Segment Start: Record set
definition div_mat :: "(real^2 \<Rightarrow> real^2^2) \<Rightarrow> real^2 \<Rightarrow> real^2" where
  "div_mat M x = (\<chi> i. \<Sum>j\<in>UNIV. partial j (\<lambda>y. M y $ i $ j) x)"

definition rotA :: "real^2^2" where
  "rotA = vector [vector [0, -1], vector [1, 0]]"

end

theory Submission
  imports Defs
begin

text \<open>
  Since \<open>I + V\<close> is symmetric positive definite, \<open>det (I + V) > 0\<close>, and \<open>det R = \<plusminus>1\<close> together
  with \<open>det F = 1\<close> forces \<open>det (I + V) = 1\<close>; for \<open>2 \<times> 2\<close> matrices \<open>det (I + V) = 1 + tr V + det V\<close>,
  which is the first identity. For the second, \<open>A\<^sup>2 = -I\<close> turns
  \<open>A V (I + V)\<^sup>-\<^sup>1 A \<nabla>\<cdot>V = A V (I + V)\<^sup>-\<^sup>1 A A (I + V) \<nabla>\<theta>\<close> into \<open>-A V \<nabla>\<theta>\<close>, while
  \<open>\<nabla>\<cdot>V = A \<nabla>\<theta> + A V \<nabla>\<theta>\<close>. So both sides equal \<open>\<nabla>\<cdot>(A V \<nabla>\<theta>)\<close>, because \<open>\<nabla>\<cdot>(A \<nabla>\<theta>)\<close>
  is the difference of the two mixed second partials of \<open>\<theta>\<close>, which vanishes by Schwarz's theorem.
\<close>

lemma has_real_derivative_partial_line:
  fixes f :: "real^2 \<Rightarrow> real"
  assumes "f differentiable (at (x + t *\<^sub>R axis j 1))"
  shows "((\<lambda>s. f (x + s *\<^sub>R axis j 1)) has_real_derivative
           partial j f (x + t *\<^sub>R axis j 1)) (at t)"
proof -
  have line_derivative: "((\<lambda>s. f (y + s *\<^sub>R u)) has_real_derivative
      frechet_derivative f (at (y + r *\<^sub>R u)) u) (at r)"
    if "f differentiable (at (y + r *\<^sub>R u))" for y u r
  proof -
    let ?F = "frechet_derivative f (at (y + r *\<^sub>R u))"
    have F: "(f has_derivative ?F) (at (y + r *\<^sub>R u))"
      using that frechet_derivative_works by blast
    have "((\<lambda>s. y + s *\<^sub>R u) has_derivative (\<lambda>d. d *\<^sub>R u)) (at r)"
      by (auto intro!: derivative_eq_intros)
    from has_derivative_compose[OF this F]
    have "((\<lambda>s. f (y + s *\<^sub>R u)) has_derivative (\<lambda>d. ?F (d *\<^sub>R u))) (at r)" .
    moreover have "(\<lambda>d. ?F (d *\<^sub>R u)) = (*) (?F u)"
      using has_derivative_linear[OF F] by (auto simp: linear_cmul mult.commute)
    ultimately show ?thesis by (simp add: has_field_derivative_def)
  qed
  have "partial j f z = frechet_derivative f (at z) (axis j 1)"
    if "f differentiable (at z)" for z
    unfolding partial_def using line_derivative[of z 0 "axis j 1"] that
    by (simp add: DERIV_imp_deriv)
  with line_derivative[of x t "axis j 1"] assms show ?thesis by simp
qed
Segment End: Record set
Segment Start: Record set
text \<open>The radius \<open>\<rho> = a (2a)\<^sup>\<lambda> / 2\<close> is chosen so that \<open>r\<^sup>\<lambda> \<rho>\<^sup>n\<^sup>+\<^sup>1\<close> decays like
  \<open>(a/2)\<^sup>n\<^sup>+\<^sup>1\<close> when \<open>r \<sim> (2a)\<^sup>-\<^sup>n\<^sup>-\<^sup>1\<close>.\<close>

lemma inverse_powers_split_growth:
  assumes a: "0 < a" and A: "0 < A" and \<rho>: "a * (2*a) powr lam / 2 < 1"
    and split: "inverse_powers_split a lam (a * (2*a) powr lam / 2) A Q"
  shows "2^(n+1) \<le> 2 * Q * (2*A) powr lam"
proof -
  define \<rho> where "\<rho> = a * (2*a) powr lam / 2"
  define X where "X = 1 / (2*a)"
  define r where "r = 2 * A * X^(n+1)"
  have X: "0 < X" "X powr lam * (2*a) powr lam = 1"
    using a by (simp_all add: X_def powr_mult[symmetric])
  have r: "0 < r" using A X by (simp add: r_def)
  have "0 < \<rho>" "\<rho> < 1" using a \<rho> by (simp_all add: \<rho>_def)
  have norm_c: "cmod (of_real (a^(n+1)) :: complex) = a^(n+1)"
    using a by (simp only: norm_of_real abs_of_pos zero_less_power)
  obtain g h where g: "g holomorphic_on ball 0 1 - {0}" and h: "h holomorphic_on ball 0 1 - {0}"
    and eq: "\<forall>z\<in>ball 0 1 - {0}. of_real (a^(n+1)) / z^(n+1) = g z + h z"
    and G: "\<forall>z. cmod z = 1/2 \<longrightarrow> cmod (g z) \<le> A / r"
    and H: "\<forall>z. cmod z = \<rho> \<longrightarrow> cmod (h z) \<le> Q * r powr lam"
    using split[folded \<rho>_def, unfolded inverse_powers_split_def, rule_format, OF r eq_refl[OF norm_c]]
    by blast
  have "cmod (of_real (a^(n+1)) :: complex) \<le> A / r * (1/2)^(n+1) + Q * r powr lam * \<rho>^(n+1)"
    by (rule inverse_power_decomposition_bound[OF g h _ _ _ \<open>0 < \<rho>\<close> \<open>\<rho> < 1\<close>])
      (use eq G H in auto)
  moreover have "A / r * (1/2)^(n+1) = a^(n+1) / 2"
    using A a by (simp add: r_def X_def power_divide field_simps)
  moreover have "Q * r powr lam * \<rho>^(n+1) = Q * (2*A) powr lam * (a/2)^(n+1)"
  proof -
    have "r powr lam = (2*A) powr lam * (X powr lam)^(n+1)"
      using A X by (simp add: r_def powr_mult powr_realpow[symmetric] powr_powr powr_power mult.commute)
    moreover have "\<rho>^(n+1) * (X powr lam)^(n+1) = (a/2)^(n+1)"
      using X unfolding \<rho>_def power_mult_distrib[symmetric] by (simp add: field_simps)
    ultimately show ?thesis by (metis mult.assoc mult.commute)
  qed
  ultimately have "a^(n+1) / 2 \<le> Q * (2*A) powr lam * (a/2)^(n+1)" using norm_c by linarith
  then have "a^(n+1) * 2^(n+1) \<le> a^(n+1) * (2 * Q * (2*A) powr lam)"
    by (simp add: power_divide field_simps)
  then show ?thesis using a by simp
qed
Segment End: Record set
Segment Start: Record set
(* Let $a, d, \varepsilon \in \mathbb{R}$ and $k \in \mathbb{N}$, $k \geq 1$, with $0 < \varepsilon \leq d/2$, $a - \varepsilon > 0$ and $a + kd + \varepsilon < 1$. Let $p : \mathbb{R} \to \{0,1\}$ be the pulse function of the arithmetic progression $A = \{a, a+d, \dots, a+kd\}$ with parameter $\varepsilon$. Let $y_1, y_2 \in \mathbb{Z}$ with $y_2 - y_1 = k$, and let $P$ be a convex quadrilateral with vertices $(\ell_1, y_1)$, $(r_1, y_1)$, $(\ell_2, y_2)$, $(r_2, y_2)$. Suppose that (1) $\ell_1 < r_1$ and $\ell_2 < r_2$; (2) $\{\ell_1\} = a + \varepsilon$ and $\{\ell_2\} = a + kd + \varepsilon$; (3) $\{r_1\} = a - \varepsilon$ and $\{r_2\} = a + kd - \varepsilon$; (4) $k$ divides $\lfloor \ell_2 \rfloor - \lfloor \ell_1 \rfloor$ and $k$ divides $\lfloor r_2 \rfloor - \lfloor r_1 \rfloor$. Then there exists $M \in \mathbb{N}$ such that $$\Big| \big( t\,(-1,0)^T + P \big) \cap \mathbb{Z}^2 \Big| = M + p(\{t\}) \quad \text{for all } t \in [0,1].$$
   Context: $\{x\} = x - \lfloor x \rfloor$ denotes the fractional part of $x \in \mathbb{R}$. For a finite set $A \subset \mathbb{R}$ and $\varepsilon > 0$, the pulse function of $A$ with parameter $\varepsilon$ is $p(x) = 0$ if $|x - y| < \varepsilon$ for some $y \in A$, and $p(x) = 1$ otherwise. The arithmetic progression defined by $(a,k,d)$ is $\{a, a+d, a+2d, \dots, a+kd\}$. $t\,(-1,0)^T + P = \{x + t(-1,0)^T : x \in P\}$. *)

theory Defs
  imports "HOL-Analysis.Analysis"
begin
Segment End: Record set
**What is required**:
Take the lines above from the one containing "frechet_derivative f (at (y + r *\<^sub>R u)) u)" down to the one containing "u) has_derivative (\<lambda>d.", and transcribe them exactly, both ends included.

**Answer box**:
      frechet_derivative f (at (y + r *\<^sub>R u)) u) (at r)"
    if "f differentiable (at (y + r *\<^sub>R u))" for y u r
  proof -
    let ?F = "frechet_derivative f (at (y + r *\<^sub>R u))"
    have F: "(f has_derivative ?F) (at (y + r *\<^sub>R u))"
      using that frechet_derivative_works by blast
    have "((\<lambda>s. y + s *\<^sub>R u) has_derivative (\<lambda>d. d *\<^sub>R u)) (at r)"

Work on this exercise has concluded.